Most of these tools for checking reputation are built right into the software, meaning programs check hashes as a normal part of their operations.
Firefox uses hashes in the background to know if a file is malicious
How Sonatype uses hashes
One important job that Sonatype Repository Firewall performs for our customers is keeping bad, outdated, or malicious software out of the development process.
When a new program is analyzed, it's checked against our database for problems. If it's a known-good file, it's passed along as normal. If a file is unknown or has a bad reputation (the objects in red and yellow below), it's blocked. After they're fully analyzed, any files with that same hash identifier will always get treated the same way.
Whether that's given the green light as great software or blocked from ever being used, hashing software helps make sure it's cataloged and managed according to your policy.
You can also manually check the hash values within the software:
An example of a hash listed inside a Sonatype image.

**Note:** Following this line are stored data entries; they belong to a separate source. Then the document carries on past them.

(* Let $\mathcal{H}$ be a collection of nonempty loopless graphs, each having an even number of edges. Then for every $\varepsilon>0$ there exists a positive integer $n_0=n_0(\varepsilon,\mathcal{H})$ such that for every $n\geq n_0$, if $\mathcal{G}\subseteq\mathbb{F}_2^{\binom{[n]}{2}}$ is an $\mathcal{H}$-code with $\mathbb{P}[\mathcal{G}]=\delta_n(\mathcal{H})$, then $$\big\|\mathbb{1}_{\mathcal{G}}-\mathbb{P}[\mathcal{G}]\big\|_{U_2}\leq\varepsilon.$$
   Context: Graphs: for a nonempty finite set $V$, $\binom{V}{\leq 2}$ denotes the set of nonempty subsets of $V$ with at most two elements and $\binom{V}{2}$ the set of $2$-element subsets. A graph on $V$ is a subset of $\binom{V}{\leq 2}$; its elements of size $2$ are edges and of size $1$ self-loops; it is loopless if it has no self-loops. The spanning vertex set $V(G)$ is the union of the members of $G$. Graphs $G,H$ are isomorphic if there is a bijection $\phi\colon V(G)\to V(H)$ with $\{x,y\}\in G\iff\{\phi(x),\phi(y)\}\in H$ for all $x,y\in V(G)$. For graphs on the same vertex set, $G_1+G_2$ denotes symmetric difference. Loopless graphs on $[n]$ are identified with elements of $\mathbb{F}_2^{\binom{[n]}{2}}$ via indicators; $\mathbb{P}$ is the uniform probability measure on $\mathbb{F}_2^{\binom{[n]}{2}}$ and $\mathbb{E}$ the corresponding expectation. An $\mathcal{H}$-code is a family $\mathcal{G}$ of graphs on a common vertex set such that for all $G_1,G_2\in\mathcal{G}$, $G_1+G_2$ is not isomorphic to any graph of $\mathcal{H}$. $\delta_n(\mathcal{H})$ is the maximum of $\mathbb{P}[\mathcal{G}]$ over all $\mathcal{H}$-codes $\mathcal{G}\subseteq\mathbb{F}_2^{\binom{[n]}{2}}$. Gowers norm: for a nonempty finite set $\mathcal{I}$, $d\geq 2$ and $f\colon\mathbb{F}_2^{\mathcal{I}}\to\mathbb{C}$, $\|f\|_{U_d}=\Big|\mathbb{E}_{x,y_1,\dots,y_d\in\mathbb{F}_2^{\mathcal{I}}}\prod_{s\subseteq[d]}\mathcal{C}^{|s|}f\big(x+\sum_{i\in s}y_i\big)\Big|^{1/2^d}$, where $\mathcal{C}$ is complex conjugation. *)

theory Defs
  imports "HOL-Analysis.Analysis"
begin

text \<open>The 2-element subsets of [n] = {1..n}; loopless graphs on [n] are subsets of this set,
  i.e. elements of F_2^(binom [n] 2) via indicators.\<close>
definition pairs_n :: "nat \<Rightarrow> nat set set" where
  "pairs_n n = {e. e \<subseteq> {1..n} \<and> card e = 2}"

definition spanV :: "'a set set \<Rightarrow> 'a set" where
  "spanV G = \<Union> G"

definition graph_iso :: "'a set set \<Rightarrow> 'b set set \<Rightarrow> bool" where
  "graph_iso G H \<longleftrightarrow> (\<exists>\<phi>. bij_betw \<phi> (spanV G) (spanV H) \<and>
      (\<forall>x\<in>spanV G. \<forall>y\<in>spanV G. {x, y} \<in> G \<longleftrightarrow> {\<phi> x, \<phi> y} \<in> H))"

definition nonempty_loopless_even :: "'a set set \<Rightarrow> bool" where
  "nonempty_loopless_even K \<longleftrightarrow> finite (spanV K) \<and> K \<noteq> {} \<and>
      (\<forall>e\<in>K. card e = 2) \<and> even (card K)"
(* There is an absolute constant $C>0$ such that the following holds. Let $K\ge1$, let $\mathbf{\Phi}\in\mathbb{R}^{m\times n}$ satisfy the RIP of order $2K$ with $\delta_{2K}\in(0,1)$, let $\mathbf{x}\in\mathbb{R}^n$ have exactly $K$ nonzero entries, all of equal magnitude, let $\mathbf{v}\in\mathbb{R}^m$, and $\mathbf{y}=\mathbf{\Phi}\mathbf{x}+\mathbf{v}$. If $\mathrm{SNR}\ge\delta_{2K}^{-3/2}$, then the support $\mathcal{T}^K$ output by OMP after $K$ iterations satisfies $\frac{|\mathcal{T}^K\setminus\mathrm{supp}(\mathbf{x})|}{K} \le C\,\delta_{2K}^{1/2}$.
   Context: $\phi_i$ is the $i$-th column of $\mathbf{\Phi}$. RIP: for an integer $s\ge1$, the isometry constant $\delta_s$ of $\mathbf{\Phi}$ is the smallest $c\in[0,1)$ such that $(1-c)\|\mathbf{z}\|_2^2 \le \|\mathbf{\Phi}\mathbf{z}\|_2^2 \le (1+c)\|\mathbf{z}\|_2^2$ for all $s$-sparse $\mathbf{z}$. $\mathrm{SNR} := \|\mathbf{\Phi}\mathbf{x}\|_2^2/\|\mathbf{v}\|_2^2$. OMP with input $\mathbf{\Phi},\mathbf{y},K$: set $\mathcal{T}^0=\emptyset$, $\mathbf{r}^0=\mathbf{y}$; for $k=1,\dots,K$: choose $t^k \in \arg\max_{i\notin\mathcal{T}^{k-1}} |\langle\phi_i,\mathbf{r}^{k-1}\rangle|$ (ties broken arbitrarily), set $\mathcal{T}^k=\mathcal{T}^{k-1}\cup\{t^k\}$, $\mathbf{x}^k = \arg\min_{\mathrm{supp}(\mathbf{u})\subseteq\mathcal{T}^k}\|\mathbf{y}-\mathbf{\Phi}\mathbf{u}\|_2$, $\mathbf{r}^k=\mathbf{y}-\mathbf{\Phi}\mathbf{x}^k$. Output $\mathcal{T}^K$, $\mathbf{x}^K$. *)

theory Defs
  imports Complex_Main
begin

text \<open>Matrices Phi in R^(m x n) are functions nat => nat => real (row l < m, column j < n);
vectors are functions nat => real, only the entries below the dimension matter.\<close>

definition mv :: "(nat \<Rightarrow> nat \<Rightarrow> real) \<Rightarrow> nat \<Rightarrow> (nat \<Rightarrow> real) \<Rightarrow> nat \<Rightarrow> real" where
  "mv Phi n z = (\<lambda>l. \<Sum>j<n. Phi l j * z j)"

definition sqnorm :: "nat \<Rightarrow> (nat \<Rightarrow> real) \<Rightarrow> real" where
  "sqnorm d w = (\<Sum>l<d. (w l)^2)"

definition supp_vec :: "nat \<Rightarrow> (nat \<Rightarrow> real) \<Rightarrow> nat set" where
  "supp_vec n z = {j. j < n \<and> z j \<noteq> 0}"

definition col_inner :: "(nat \<Rightarrow> nat \<Rightarrow> real) \<Rightarrow> nat \<Rightarrow> nat \<Rightarrow> (nat \<Rightarrow> real) \<Rightarrow> real" where
  "col_inner Phi m i r = (\<Sum>l<m. Phi l i * r l)"

definition rip_ineq :: "(nat \<Rightarrow> nat \<Rightarrow> real) \<Rightarrow> nat \<Rightarrow> nat \<Rightarrow> nat \<Rightarrow> real \<Rightarrow> bool" where
  "rip_ineq Phi m n s c \<longleftrightarrow>
     (\<forall>z. card (supp_vec n z) \<le> s \<longrightarrow>
        (1 - c) * sqnorm n z \<le> sqnorm m (mv Phi n z) \<and>
        sqnorm m (mv Phi n z) \<le> (1 + c) * sqnorm n z)"

definition rip_const :: "(nat \<Rightarrow> nat \<Rightarrow> real) \<Rightarrow> nat \<Rightarrow> nat \<Rightarrow> nat \<Rightarrow> real \<Rightarrow> bool" where
  "rip_const Phi m n s \<delta> \<longleftrightarrow>
     0 \<le> \<delta> \<and> \<delta> < 1 \<and> rip_ineq Phi m n s \<delta> \<and>
     (\<forall>c. 0 \<le> c \<and> c < 1 \<and> rip_ineq Phi m n s c \<longrightarrow> \<delta> \<le> c)"

definition ls_residual :: "(nat \<Rightarrow> nat \<Rightarrow> real) \<Rightarrow> nat \<Rightarrow> nat \<Rightarrow> (nat \<Rightarrow> real) \<Rightarrow> nat set \<Rightarrow> (nat \<Rightarrow> real) \<Rightarrow> bool" where
  "ls_residual Phi m n y T r \<longleftrightarrow>
     (\<exists>u. (\<forall>j. j \<notin> T \<longrightarrow> u j = 0) \<and>
          (\<forall>w. (\<forall>j. j \<notin> T \<longrightarrow> w j = 0) \<longrightarrow>
               sqnorm m (\<lambda>l. y l - mv Phi n u l) \<le> sqnorm m (\<lambda>l. y l - mv Phi n w l)) \<and>
          r = (\<lambda>l. y l - mv Phi n u l))"

text \<open>ts = [t^1,...,t^K] is a possible run of OMP (any tie-breaking); T^k = set (take k ts).\<close>
definition omp_run :: "(nat \<Rightarrow> nat \<Rightarrow> real) \<Rightarrow> nat \<Rightarrow> nat \<Rightarrow> (nat \<Rightarrow> real) \<Rightarrow> nat \<Rightarrow> nat list \<Rightarrow> bool" where
  "omp_run Phi m n y K ts \<longleftrightarrow>
     length ts = K \<and>
     (\<forall>k<K. \<exists>r. ls_residual Phi m n y (set (take k ts)) r \<and>
        ts ! k < n \<and> ts ! k \<notin> set (take k ts) \<and>
        (\<forall>i<n. i \<notin> set (take k ts) \<longrightarrow> \<bar>col_inner Phi m i r\<bar> \<le> \<bar>col_inner Phi m (ts ! k) r\<bar>))"

end

theory Submission
  imports Defs "HOL-Analysis.L2_Norm"
begin

text \<open>Write \<open>\<delta> = e\<^sup>2\<close>, \<open>S = supp x\<close>, \<open>a\<close> for the common magnitude of the nonzero entries of \<open>x\<close>,
and suppose OMP misses \<open>W > 100 e K\<close> indices of \<open>S\<close>. As long as \<open>W\<close> indices of \<open>S\<close> are still
missing, the RIP keeps every residual of norm about \<open>\<surd>W a\<close>, most of which is explained by the
missing columns, so the greedy column correlates with the residual at least \<open>(1 - 3e/4) a\<close> and the
squared residual drops by at least \<open>(1 - 2e) a\<^sup>2\<close> per iteration. After \<open>K\<close> iterations the squared
residual is at most \<open>\<parallel>y\<parallel>\<^sup>2 - K (1 - 2e) a\<^sup>2 \<le> 6 e K a\<^sup>2\<close>, but it is still at least \<open>W a\<^sup>2 / 2\<close>,
a contradiction. Since \<open>|T\<^sup>K| \<le> K = |S|\<close>, the false indices are at most the missed ones.\<close>

definition dot :: "nat \<Rightarrow> (nat \<Rightarrow> real) \<Rightarrow> (nat \<Rightarrow> real) \<Rightarrow> real" where
  "dot m r w = (\<Sum>l<m. r l * w l)"

definition vnorm :: "nat \<Rightarrow> (nat \<Rightarrow> real) \<Rightarrow> real" where
  "vnorm m w = sqrt (sqnorm m w)"

lemma sqnorm_nonneg: "0 \<le> sqnorm m w"
  unfolding sqnorm_def by (simp add: sum_nonneg)

lemma vnorm_nonneg: "0 \<le> vnorm m w"
  unfolding vnorm_def using sqnorm_nonneg by simp

lemma vnorm_power2: "(vnorm m w)\<^sup>2 = sqnorm m w"
  unfolding vnorm_def using sqnorm_nonneg by simp

lemma vnorm_eq_L2_set: "vnorm m w = L2_set w {..<m}"
  unfolding vnorm_def L2_set_def sqnorm_def by simp

lemma dot_self: "dot m r r = sqnorm m r"
  unfolding dot_def sqnorm_def by (simp add: power2_eq_square)

lemma dot_le_vnorm_mult: "dot m r w \<le> vnorm m r * vnorm m w"
proof -
  have "dot m r w \<le> (\<Sum>l<m. \<bar>r l\<bar> * \<bar>w l\<bar>)"
    unfolding dot_def by (rule sum_mono) (metis abs_ge_self abs_mult)
  also have "\<dots> \<le> vnorm m r * vnorm m w"
    unfolding vnorm_eq_L2_set by (rule L2_set_mult_ineq)
  finally show ?thesis .
qed

lemma vnorm_add_le: "vnorm m (\<lambda>l. f l + g l) \<le> vnorm m f + vnorm m g"
  unfolding vnorm_eq_L2_set by (rule L2_set_triangle_ineq)

lemma vnorm_le_vnorm_add: "vnorm m f \<le> vnorm m (\<lambda>l. f l + g l) + vnorm m g"
proof -
  have "vnorm m f \<le> vnorm m (\<lambda>l. f l + g l) + vnorm m (\<lambda>l. - g l)"
    using vnorm_add_le[of m "\<lambda>l. f l + g l" "\<lambda>l. - g l"] by simp
  also have "vnorm m (\<lambda>l. - g l) = vnorm m g"
    unfolding vnorm_def sqnorm_def by simp
  finally show ?thesis .
qed

lemma dot_mv: "dot m r (mv Phi n z) = (\<Sum>j<n. z j * col_inner Phi m j r)"
  unfolding dot_def mv_def col_inner_def
  by (simp add: sum_distrib_left sum_distrib_right mult_ac sum.swap[of _ "{..<m}"])

lemma mv_zero: "mv Phi n (\<lambda>_. 0) = (\<lambda>_. 0)"
  unfolding mv_def by simp

lemma mv_diff: "mv Phi n (\<lambda>j. a j - b j) l = mv Phi n a l - mv Phi n b l"
  unfolding mv_def by (simp add: right_diff_distrib sum_subtractf)

lemma mv_add_single:
  assumes "t < n"
  shows "mv Phi n (\<lambda>j. u j + (if j = t then \<alpha> else 0)) l = mv Phi n u l + \<alpha> * Phi l t"
proof -
  have "(\<Sum>j<n. Phi l j * (if j = t then \<alpha> else 0)) = \<alpha> * Phi l t"
    using assms by (simp add: if_distrib cong: if_cong)
  then show ?thesis
    unfolding mv_def by (simp add: distrib_left sum.distrib)
qed

lemma sqnorm_diff_scaled_column:
  "sqnorm m (\<lambda>l. r l - \<alpha> * Phi l t)
     = sqnorm m r - 2 * \<alpha> * col_inner Phi m t r + \<alpha>\<^sup>2 * sqnorm m (\<lambda>l. Phi l t)"
  unfolding sqnorm_def col_inner_def
  by (simp add: power2_diff sum.distrib sum_subtractf sum_distrib_left power_mult_distrib mult_ac)

lemma quadratic_nonneg_imp_linear_coeff_zero:
  fixes b c :: real
  assumes "0 \<le> b" and nonneg: "\<And>\<alpha>. 0 \<le> \<alpha>\<^sup>2 * b - 2 * \<alpha> * c"
  shows "c = 0"
proof -
  have b1: "b + 1 > 0" using assms(1) by simp
  have "(c / (b + 1))\<^sup>2 * b - 2 * (c / (b + 1)) * c = - (c\<^sup>2 * (b + 2)) / (b + 1)\<^sup>2"
    using b1 by (simp add: divide_simps power2_eq_square) (simp add: algebra_simps)
  with nonneg[of "c / (b + 1)"] have "c\<^sup>2 * (b + 2) / (b + 1)\<^sup>2 \<le> 0"
    by simp
  then have "c\<^sup>2 * (b + 2) \<le> 0"
    using b1 by (simp add: divide_le_0_iff)
  with \<open>0 \<le> b\<close> have "c\<^sup>2 \<le> 0" by (simp add: mult_le_0_iff)
  then show ?thesis by simp
qed

lemma ls_residual_le:
  assumes "ls_residual Phi m n y T r" and "\<forall>j. j \<notin> T \<longrightarrow> w j = 0"
  shows "sqnorm m r \<le> sqnorm m (\<lambda>l. y l - mv Phi n w l)"
  using assms unfolding ls_residual_def by blast
lemma reachable_via_V:
  assumes "no_orthogonal_quadruple S l" "is_vert S l x" "is_vert S l y"
    and "to_V_bound x + from_V_bound y \<le> n"
  shows "reachable_within (rho_arc S l) n x y"
  using reachable_within_mono[OF reachable_within_trans[OF reachable_to_V reachable_from_V]] assms
  by blast

lemma reachable_within_4:
  assumes Q: "no_orthogonal_quadruple S l" and "is_vert S l x" "is_vert S l y"
  shows "reachable_within (rho_arc S l) 4 x y"
  using assms(2,3)
  by (cases x; cases y)
    (auto simp del: is_vert.simps intro: reachable_via_U[OF Q] reachable_via_V[OF Q]
      reachable_ABC_to_DCB[OF Q] reachable_ABC_to_DC[OF Q] reachable_ABC_to_ADY[OF Q]
      reachable_AB_to_DCB[OF Q] reachable_AB_to_DC[OF Q] reachable_ADY_to_DCB[OF Q])

theorem mainTheorem2:
  fixes S :: "bvec set" and l :: nat
  assumes "S \<subseteq> bvecs l"
    and "finite S"
    and "\<forall>a\<in>S. \<forall>b\<in>S. \<forall>c\<in>S. \<forall>d\<in>S. \<exists>h\<in>{1..l}. a h \<and> b h \<and> c h \<and> d h"
  shows "diam S l \<le> 4"
proof -
  have Q: "no_orthogonal_quadruple S l"
    using assms(3) unfolding no_orthogonal_quadruple_def .
  have "dist (rho_arc S l) x y \<le> 4" if "is_vert S l x" "is_vert S l y" for x y
    using dist_le_if_reachable_within[OF reachable_within_4[OF Q that]] by (simp add: numeral_eq_enat)
  then show ?thesis
    unfolding diam_def by (auto intro: SUP_least)
qed

end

How you can use hashes today
Although many hashing tools are often built-in, it's possible to manually check the results.
One way to use a hash identifier is to check the downloads from an untrusted website. Some security researchers will check hash values on files even from trusted locations, especially when saved to a critical workstation or server.
While there are dozens of tools that can do this, I use the open source PeaZip archive manager for Windows, Mac, and Linux.
To view hashes, right-click on a file, choose File Manager – File Tools – Checksum/hash file(s) and select the "Clipboard" tab.
From there, you can double-click on the SHA256 value and copy (CTRL+C or Apple+C). This value is the standard for security analysis.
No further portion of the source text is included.